The work done at Yerkes includes Nobel Prize-winning research

Yerkes was the base of U of C’s astronomy department, where two of America’s best-known 20th-century astronomers studied: Edwin Hubble and Carl Sagan.

Other astrophysics work done at Yerkes includes Subrahmanyan Chandrasekhar’s Nobel Prize-winning research that led to the understanding of how massive stars die; Gerard Kuiper’s discovery of carbon dioxide in the atmosphere of Mars and on moons of Uranus and Neptune; and Frank Schlesinger’s method to measure stellar distances.

Dr. Subrahmanyan Chandrasekhar, an India-born professor of theoretical astrophysics at University of Chicago's Yerkes observatory, holds a lantern slide which he uses to explain a new theory of improved weather forecasting through a better understanding of movements in the Earth's atmosphere and the gases within the sun and other stars. (AP Photo/Ernest K. Bennett)

The observatory’s namesake was a man of Chicago-style politics

Yerkes spent three years in a Philadelphia prison for a financial scheme involving that city’s municipal bonds before he moved to Chicago, where he opened a stock and grain brokerage and reportedly bribed public officials in an attempt to monopolize the city’s street railways.

In 1890, Yerkes funded construction of an “electric fountain” in Lincoln Park. The fountain had a 120-foot basin that featured a combined light and water show. One reporter compared Yerkes to Caesar, who created “public spectacles of such magnificence that he became at once the people’s idol.”

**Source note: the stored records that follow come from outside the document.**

(* Uniqueness in Hensel's lemma for X^l - 1, whose derivative l X^(l-1) is a unit modulo p at any root. *)
lemma cong_square_if_cong_roots_of_unity:
  fixes p a b :: int
  assumes p: "prime p" and pl: "\<not> p dvd int l" and ab: "[a = b] (mod p)"
    and a: "[a ^ l = 1] (mod p\<^sup>2)" and b: "[b ^ l = 1] (mod p\<^sup>2)"
  shows "[a = b] (mod p\<^sup>2)"
proof -
  obtain t where t: "b = a + p * t"
    using ab unfolding cong_iff_dvd_diff by (metis add.commute cong_iff_dvd_diff cong_sym dvdE diff_add_cancel)
  obtain r where r: "b ^ l = a ^ l + of_nat l * a ^ (l - 1) * (p * t) + (p * t)\<^sup>2 * r"
    using power_add_first_order t by blast
  have "p\<^sup>2 dvd b ^ l - a ^ l" using a b by (metis cong_iff_dvd_diff cong_sym cong_trans)
  then have "p\<^sup>2 dvd p * (of_nat l * a ^ (l - 1) * t) + p\<^sup>2 * (t\<^sup>2 * r)"
    by (simp add: r algebra_simps power2_eq_square)
  then have "p * p dvd p * (of_nat l * a ^ (l - 1) * t)"
    by (simp add: dvd_add_left_iff power2_eq_square)
  then have lin: "p dvd of_nat l * a ^ (l - 1) * t" using p by (simp add: prime_gt_0_int)
  have "\<not> p dvd a"
  proof
    assume "p dvd a"
    then have "p dvd a ^ l" using pl by (cases l) auto
    moreover have "[a ^ l = 1] (mod p)" using a by (rule cong_dvd_modulus) simp
    ultimately show False using p by (metis cong_dvd_iff not_prime_unit)
  qed
  then have "\<not> p dvd of_nat l * a ^ (l - 1)" using p pl by (metis prime_dvd_mult_iff prime_dvd_power)
  then have "p dvd t" using lin p by (simp add: prime_dvd_mult_iff)
  then show ?thesis using t by (simp add: cong_iff_dvd_diff power2_eq_square)
qed

lemma delta_prime_square_le:
  assumes l: "prime l" and p: "prime p"
  shows "delta l (p\<^sup>2) \<le> l\<^sup>2"
proof (cases "p = l")
  case True
  have "delta l (p\<^sup>2) \<le> card {0..<p\<^sup>2}" unfolding delta_def by (intro card_mono) auto
  then show ?thesis using True by simp
next
  case False
  then have pl: "\<not> int p dvd int l" using l p primes_dvd_imp_eq by auto
  define D where "D = {a \<in> {0..<p\<^sup>2}. int (p\<^sup>2) dvd Phi l (int a)}"
  have root: "[int a ^ l = 1] (mod int p ^ 2)" if "a \<in> D" for a
  proof -
    have "int p ^ 2 dvd (int a - 1) * Phi l (int a)" using that by (simp add: D_def)
    then show ?thesis by (simp add: Phi_prime_mult[OF l] cong_iff_dvd_diff)
  qed
  have inj: "inj_on (\<lambda>a. a mod p) D"
  proof
    fix a b assume a: "a \<in> D" and b: "b \<in> D" and "a mod p = b mod p"
    then have "[int a = int b] (mod int p)" by (metis cong_def cong_int_iff)
    then have "[int a = int b] (mod int p ^ 2)"
      using cong_square_if_cong_roots_of_unity[OF _ pl _ root[OF a] root[OF b]] p by simp
    then show "a = b" using a b unfolding D_def by (simp add: cong_def flip: of_nat_power cong_int_iff)
  qed
  have image: "(\<lambda>a. a mod p) ` D \<subseteq> {x\<in>{..<p}. [x ^ l = 1] (mod p)}"
  proof safe
    fix a assume a: "a \<in> D"
    show "a mod p < p" using p prime_gt_0_nat by auto
    have "[int a ^ l = 1] (mod int p)" using root[OF a] by (rule cong_dvd_modulus) simp
    then have "[a ^ l = 1] (mod p)" by (metis cong_int_iff of_nat_power of_nat_1)
    then show "[(a mod p) ^ l = 1] (mod p)" by (simp add: cong_def power_mod)
  qed
  have "card D = card ((\<lambda>a. a mod p) ` D)" using inj by (simp add: card_image)
  also have "\<dots> \<le> card {x\<in>{..<p}. [x ^ l = 1] (mod p)}" by (intro card_mono image) auto
  also have "\<dots> \<le> l" using p l by (intro roots_mod_prime_bound) (auto simp: prime_gt_0_nat)
  also have "\<dots> \<le> l\<^sup>2" by (simp add: power2_eq_square)
  finally show ?thesis by (simp add: delta_def D_def)
qed

lemma delta_prime_square_less:
  assumes l: "prime l" and p: "prime p"
  shows "delta l (p\<^sup>2) < p\<^sup>2"
proof -
  have "p\<^sup>2 \<ge> 2\<^sup>2" using p by (intro power_mono prime_ge_2_nat) auto
  then have p2: "p\<^sup>2 > 1" by simp
  have "\<not> int (p\<^sup>2) dvd Phi l 0"
    using prime_gt_1_nat[OF p] by (simp add: Phi_prime_0[OF l] flip: of_nat_power)
  then have "{a \<in> {0..<p\<^sup>2}. int (p\<^sup>2) dvd Phi l (int a)} \<subseteq> {0..<p\<^sup>2} - {0}" by auto
  then have "delta l (p\<^sup>2) \<le> card ({0..<p\<^sup>2} - {0})" unfolding delta_def by (intro card_mono) auto
  also have "\<dots> = p\<^sup>2 - 1" using prime_gt_0_nat[OF p] by (subst card_Diff_singleton) auto
  finally show ?thesis using p2 by simp
qed

subsection \<open>Densities of periodic sets\<close>

lemma card_periodic_multiple:
  fixes P :: "nat \<Rightarrow> bool"
  assumes periodic: "\<And>a. P a = P (a mod M)"
  shows "card {a\<in>{..<q * M}. P a} = q * card {a\<in>{..<M}. P a}"
proof -
  define f where "f a = (of_bool (P a) :: nat)" for a
  have card_sum: "card {a\<in>A. P a} = sum f A" if "finite A" for A
    using that by (simp add: f_def Int_def)
  have block: "(\<Sum>a\<in>{m * M..<m * M + M}. f a) = sum f {..<M}" for m
  proof -
    have "(\<Sum>a\<in>{m * M..<m * M + M}. f a) = (\<Sum>a<M. f (a + m * M))"
      using sum.shift_bounds_nat_ivl[of f 0 "m * M" M] by (simp add: atLeast0LessThan add.commute)
    also have "\<dots> = sum f {..<M}"
    proof (rule sum.cong)
      show "f (a + m * M) = f a" for a
        using periodic[of "a + m * M"] periodic[of a] by (simp add: f_def)
    qed simp
    finally show ?thesis .
  qed
  have "card {a\<in>{..<q * M}. P a} = sum f {..<q * M}" by (rule card_sum) simp
  also have "\<dots> = (\<Sum>m<q. \<Sum>a\<in>{m * M..<m * M + M}. f a)" by (rule sum.nat_group [symmetric])
  also have "\<dots> = q * sum f {..<M}" by (simp add: block)
  also have "\<dots> = q * card {a\<in>{..<M}. P a}" using card_sum[of "{..<M}"] by simp
  finally show ?thesis .
qed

In 1892, U of C President William Rainey Harper and Hale convinced Yerkes to donate $300,000 — the equivalent of about $8 million today — to build an observatory for the university. The ornate building would be another showpiece that Yerkes could flaunt.

In 1898, Yerkes moved on to New York City, and later London, where he helped develop the London Underground. After leaving Chicago, his personal life was filled with scandal.

Despite Yerkes controversial life, his name lives on far past the observatory. There’s also a crater on the moon named after him. One astronomer noted that it’s interesting, given all the drama in Yerkes’ personal and professional life, that the Yerkes Crater is in the Sea of Crises.

Dennis Rodkin is a real estate reporter for Crain’s Chicago Business and Morning Shift’s “What’s That Building?” contributor.